__ABOUT THIS EXERCISE__.
Each of the lines from the one that contains "< (\<Sum>x<n. flat_weight" to the end of the entries below should be output exactly.

------

definition welfare :: "nat \<Rightarrow> (nat \<Rightarrow> nat \<Rightarrow> real) \<Rightarrow> (nat \<Rightarrow> nat) \<Rightarrow> real" where
  "welfare n u \<mu> = (\<Sum>i<n. u i (\<mu> i))"

definition approx_ratio :: "nat \<Rightarrow> ((nat \<Rightarrow> nat \<Rightarrow> real) \<Rightarrow> (nat \<Rightarrow> nat) pmf) \<Rightarrow> real" where
  "approx_ratio n J = Inf {measure_pmf.expectation (J u) (welfare n u)
                            / Max (welfare n u ` outcomes n) | u. profile n u}"

end

theory Submission
  imports Defs
begin

text \<open>Let \<open>k = \<lfloor>\<surd>n\<rfloor>\<close> and label the agents by a permutation \<open>\<sigma>\<close>. In the profile where the
  agents labelled \<open>m < k\<close> have a valuation peaked at item \<open>m\<close> and all other agents a flat
  valuation on the items below \<open>k\<close>, the optimal welfare is at least \<open>k/2\<close>. By truthfulness a
  peaked agent gets at most \<open>3k\<close> times the flat value it would get by reporting flat; but then it
  is indistinguishable from the \<open>n - k\<close> agents with labels \<open>\<ge> k\<close>, so averaged over \<open>\<sigma>\<close>
  that flat value is at most \<open>1/(n - k + 1)\<close>. Hence for some \<open>\<sigma>\<close> the expected welfare is at
  most \<open>1 + 3k\<^sup>2/(n - k + 1) = O(1)\<close>, and the ratio is \<open>O(1/k) = O(1/\<surd>n)\<close>.\<close>

abbreviation E :: "'a pmf \<Rightarrow> ('a \<Rightarrow> real) \<Rightarrow> real" where
  "E p f \<equiv> measure_pmf.expectation p f"

lemma expectation_le_const_finite:
  "finite (set_pmf p) \<Longrightarrow> (\<And>x. x \<in> set_pmf p \<Longrightarrow> f x \<le> c) \<Longrightarrow> E p f \<le> c"
  by (rule measure_pmf.integral_le_const) (auto intro: integrable_measure_pmf_finite AE_pmfI)

lemma expectation_mono_finite:
  "finite (set_pmf p) \<Longrightarrow> (\<And>x. x \<in> set_pmf p \<Longrightarrow> f x \<le> g x) \<Longrightarrow> E p f \<le> E p g"
  by (rule integral_mono_AE) (auto intro: integrable_measure_pmf_finite AE_pmfI)

lemma expectation_sum_finite:
  "finite (set_pmf p) \<Longrightarrow> E p (\<lambda>x. \<Sum>i\<in>I. f i x) = (\<Sum>i\<in>I. E p (f i))"
  by (rule Bochner_Integration.integral_sum) (auto intro: integrable_measure_pmf_finite)

lemma unit_sum_val_nonneg: "unit_sum_val n v \<Longrightarrow> 0 \<le> v x"
  unfolding unit_sum_val_def by (cases "x < n") auto

lemma sum_unit_sum_val_inj_le_one:
  assumes v: "unit_sum_val n v" and f: "inj_on f A" "f ` A \<subseteq> {..<n}"
  shows "(\<Sum>a\<in>A. v (f a)) \<le> 1"
proof -
  have "(\<Sum>a\<in>A. v (f a)) = (\<Sum>x\<in>f ` A. v x)"
    by (simp add: sum.reindex[OF f(1)])
  also have "\<dots> \<le> (\<Sum>x<n. v x)"
    using f(2) by (intro sum_mono2) (auto intro: unit_sum_val_nonneg[OF v])
  also have "\<dots> = 1"
    using v by (simp add: unit_sum_val_def)
  finally show ?thesis .
qed

lemma unit_sum_val_le_one:
  assumes v: "unit_sum_val n v" shows "v x \<le> 1"
proof (cases "x < n")
  case True
  then show ?thesis using sum_unit_sum_val_inj_le_one[OF v, of id "{x}"] by simp
qed (use v in \<open>simp add: unit_sum_val_def\<close>)

definition normalized :: "nat \<Rightarrow> (nat \<Rightarrow> real) \<Rightarrow> nat \<Rightarrow> real" where
  "normalized n r x = (if x < n then r x / (\<Sum>y<n. r y) else 0)"

lemma unit_sum_val_normalized:
  assumes "0 < n" "\<And>x. x < n \<Longrightarrow> 0 < r x" "inj_on r {..<n}"
  shows "unit_sum_val n (normalized n r)"
proof -
  have "0 < (\<Sum>y<n. r y)"
    using assms(1,2) by (intro sum_pos) auto
  then show ?thesis
    using assms(2,3)
    by (auto simp: unit_sum_val_def normalized_def inj_on_def sum_divide_distrib[symmetric]
        intro: less_imp_le)
qed

text \<open>The flat valuation gives each item below \<open>k\<close> a value between \<open>1/(3k)\<close> and \<open>2/k\<close>
  and almost nothing to the others; the peak valuation for \<open>j\<close> puts at least half of its mass
  on \<open>j\<close> and is elsewhere dominated by the flat one.\<close>

definition flat_weight :: "nat \<Rightarrow> nat \<Rightarrow> nat \<Rightarrow> real" where
  "flat_weight n k x =
     (if x < k then 2 * real n - real x else (real n - real x) / (real n)\<^sup>2)"

definition peak_weight :: "nat \<Rightarrow> nat \<Rightarrow> nat \<Rightarrow> nat \<Rightarrow> real" where
  "peak_weight n k j x = (if x = j then 3 * real k * real n else flat_weight n k x)"

definition flat_val :: "nat \<Rightarrow> nat \<Rightarrow> nat \<Rightarrow> real" where
  "flat_val n k = normalized n (flat_weight n k)"

definition peak_val :: "nat \<Rightarrow> nat \<Rightarrow> nat \<Rightarrow> nat \<Rightarrow> real" where
  "peak_val n k j = normalized n (peak_weight n k j)"

definition peak_profile :: "nat \<Rightarrow> nat \<Rightarrow> nat set \<Rightarrow> (nat \<Rightarrow> nat) \<Rightarrow> nat \<Rightarrow> nat \<Rightarrow> real" where
  "peak_profile n k S \<sigma> a =
     (if a < n then if \<sigma> a \<in> S then peak_val n k (\<sigma> a) else flat_val n k else (\<lambda>_. 0))"

context
  fixes n k :: nat
  assumes k_pos: "1 \<le> k" and k_le_n: "k \<le> n"
begin

lemma one_le_k_times_n: "1 \<le> real k * real n"
  using mult_mono[of 1 "real k" 1 "real n"] k_pos k_le_n by simp

lemma flat_weight_head: "x < k \<Longrightarrow> real n < flat_weight n k x \<and> flat_weight n k x \<le> 2 * real n"
  using k_le_n by (auto simp: flat_weight_def)

lemma flat_weight_tail:
  assumes "k \<le> x" "x < n"
  shows "0 < flat_weight n k x \<and> flat_weight n k x \<le> 1 / real n"
  using assms by (auto simp: flat_weight_def power2_eq_square field_simps)

lemma flat_weight_pos: "x < n \<Longrightarrow> 0 < flat_weight n k x"
  using flat_weight_head flat_weight_tail by (cases "x < k") force+

lemma flat_weight_tail_le_one: "k \<le> x \<Longrightarrow> x < n \<Longrightarrow> flat_weight n k x \<le> 1"
proof -
  have "1 / real n \<le> 1" using k_pos k_le_n by simp
  then show "k \<le> x \<Longrightarrow> x < n \<Longrightarrow> ?thesis" using flat_weight_tail[of x] by linarith
qed

lemma flat_weight_le: "x < n \<Longrightarrow> flat_weight n k x \<le> 2 * real n"
  using flat_weight_head[of x] flat_weight_tail_le_one[of x] by (cases "x < k") auto

lemma flat_weight_strict_antimono:
  assumes "x < y" "y < n"
  shows "flat_weight n k y < flat_weight n k x"
proof (cases "y < k")
  case True
  then show ?thesis using assms by (simp add: flat_weight_def)
next
  case y: False
  show ?thesis
  proof (cases "x < k")
    case True
    then show ?thesis
      using flat_weight_head[of x] flat_weight_tail_le_one[of y] y assms k_pos by simp
  next
    case False
    then show ?thesis
      using y assms by (simp add: flat_weight_def divide_strict_right_mono)
  qed
qed

lemma inj_on_flat_weight: "inj_on (flat_weight n k) {..<n}"
  by (rule inj_onI) (metis lessThan_iff linorder_cases flat_weight_strict_antimono less_irrefl)

lemma sum_flat_weight_le: "(\<Sum>x<n. flat_weight n k x) \<le> 3 * real k * real n"
proof -
  have "(\<Sum>x<n. flat_weight n k x) \<le> (\<Sum>x<n. (if x < k then 2 * real n else 0) + 1 / real n)"
  proof (intro sum_mono)
    fix x assume "x \<in> {..<n}"
    then show "flat_weight n k x \<le> (if x < k then 2 * real n else 0) + 1 / real n"
      using flat_weight_head[of x] flat_weight_tail[of x]
      by (cases "x < k") (auto intro: add_increasing2)
  qed
  also have "\<dots> = 2 * real k * real n + 1"
  proof -
    have "{..<n} \<inter> {x. x < k} = {..<k}" using k_le_n by auto
    then show ?thesis using k_pos k_le_n by (simp add: sum.distrib sum.If_cases)
  qed
  also have "\<dots> \<le> 3 * real k * real n"
    using one_le_k_times_n by simp
  finally show ?thesis .
qed

lemma sum_flat_weight_pos: "0 < (\<Sum>x<n. flat_weight n k x)"
  using k_pos k_le_n by (intro sum_pos) (auto simp: lessThan_empty_iff intro: flat_weight_pos)

lemma flat_weight_lt_peak: "x < n \<Longrightarrow> flat_weight n k x < 3 * real k * real n"
proof -
  have "3 * real n \<le> 3 * real k * real n"
    using mult_right_mono[of 1 "real k" "3 * real n"] k_pos by simp
  moreover assume "x < n"
  ultimately show ?thesis using flat_weight_le[of x] by linarith
qed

------

__RESPONSE__.
lemma sum_flat_weight_pos: "0 < (\<Sum>x<n. flat_weight n k x)"
  using k_pos k_le_n by (intro sum_pos) (auto simp: lessThan_empty_iff intro: flat_weight_pos)

lemma flat_weight_lt_peak: "x < n \<Longrightarrow> flat_weight n k x < 3 * real k * real n"
proof -
  have "3 * real n \<le> 3 * real k * real n"
    using mult_right_mono[of 1 "real k" "3 * real n"] k_pos by simp
  moreover assume "x < n"
  ultimately show ?thesis using flat_weight_le[of x] by linarith
qed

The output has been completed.